Возможно, самый пугающий аспект книг Дебора – это та педантичность, с какой история взялась за подтверждение его анализа. Речь не только о том, что в «Комментариях» (1988), изданных через двадцать лет после «Общества спектакля», он смог зафиксировать точность диагноза и прогнозов во всех сферах жизни; но также о том, что тем временем сам ход событий настолько ускорился в одном и том же направлении повсюду, что всего через два года после выхода книги можно констатировать: мировая политика сегодня – это исключительно поспешная, пародийная реализация сценария, содержавшегося в книге. Повсеместное слияние сконцентрированного спектакля (народные демократические республики Восточной Европы) и рассеянного спектакля (демократические государства Запада) в интегрированном спектакле, представлявшее один из центральных тезисов «Комментариев» и многим показавшееся в тот момент парадоксальным, сегодня обрело тривиальную очевидность. Нерушимые стены и железные занавесы, разделявшие два мира, были безвозвратно сметены в течение нескольких дней. Восточноевропейские правительства избавились от ленинистских партий для того, чтобы интегрированный спектакль мог быть полностью реализован в их странах, точно так же, как западные правительства уже давно отказались от системы баланса властных полномочий и от реальной свободы мысли и сообщения во имя мажоритарной избирательной машины и контроля над общественным мнением через массмедиа (оба феномена были развиты в современных тоталитарных государствах).

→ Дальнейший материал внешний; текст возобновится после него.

lemma measurable_kth_smallest_except:
  assumes "1 \<le> k" and "k \<le> n - 1" and "t \<in> {1..n}" and [measurable_cong]: "sets N = sets borel"
  shows "kth_smallest_except n k t \<in> borel_measurable (PiM {1..n} (\<lambda>_. N))"
proof (rule borel_measurable_iff_greater[THEN iffD2], intro allI)
  fix a :: real
  \<comment> \<open>The count is written as a sum of indicators so that the measurability prover applies.\<close>
  have "{x \<in> space (PiM {1..n} (\<lambda>_. N)). a < kth_smallest_except n k t x}
      = {x \<in> space (PiM {1..n} (\<lambda>_. N)). (\<Sum>i\<in>{1..n} - {t}. of_bool (x i \<le> a)) < real k}"
    by (simp add: kth_smallest_except_greater_iff[OF assms(1-3)] Int_def conj_commute)
  also have "\<dots> \<in> sets (PiM {1..n} (\<lambda>_. N))"
    by measurable
  finally show "{x \<in> space (PiM {1..n} (\<lambda>_. N)). a < kth_smallest_except n k t x} \<in> sets (PiM {1..n} (\<lambda>_. N))" .
qed

lemma measurable_Y2:
  assumes "1 \<le> k" and "k \<le> n - 1" and "t \<in> {1..n}" and [measurable_cong]: "sets N = sets borel"
  shows "Y2 n k t \<in> borel_measurable (PiM {1..n} (\<lambda>_. N))"
  using measurable_kth_smallest_except[OF assms, measurable] assms(3)
  unfolding Y2_def[abs_def] by measurable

Тимишоара представляет собой настолько крайнюю точку этого процесса, что заслуживает того, чтобы именем этого города был назван новый курс мировой политики. Здесь тайной полиции, составившей заговор против самой себя, чтобы свергнуть старый режим сконцентрированного спектакля, и телевидению, обнажившему без ложного стыда реальную политическую функцию медиа, удалось то, о чём нацизм не решался даже мечтать – объединить в одном чудовищном событии Освенцим и поджог Рейхстага. Впервые в истории человечества едва захороненные или разложенные на столах
В данном смысле Тимишоара – это Освенцим эпохи спектакля: можно сказать, что если после Освенцима уже нельзя было писать и думать так же, как раньше, то после Тимишоары уже нельзя будет смотреть так же, как раньше, на телевизионный экран.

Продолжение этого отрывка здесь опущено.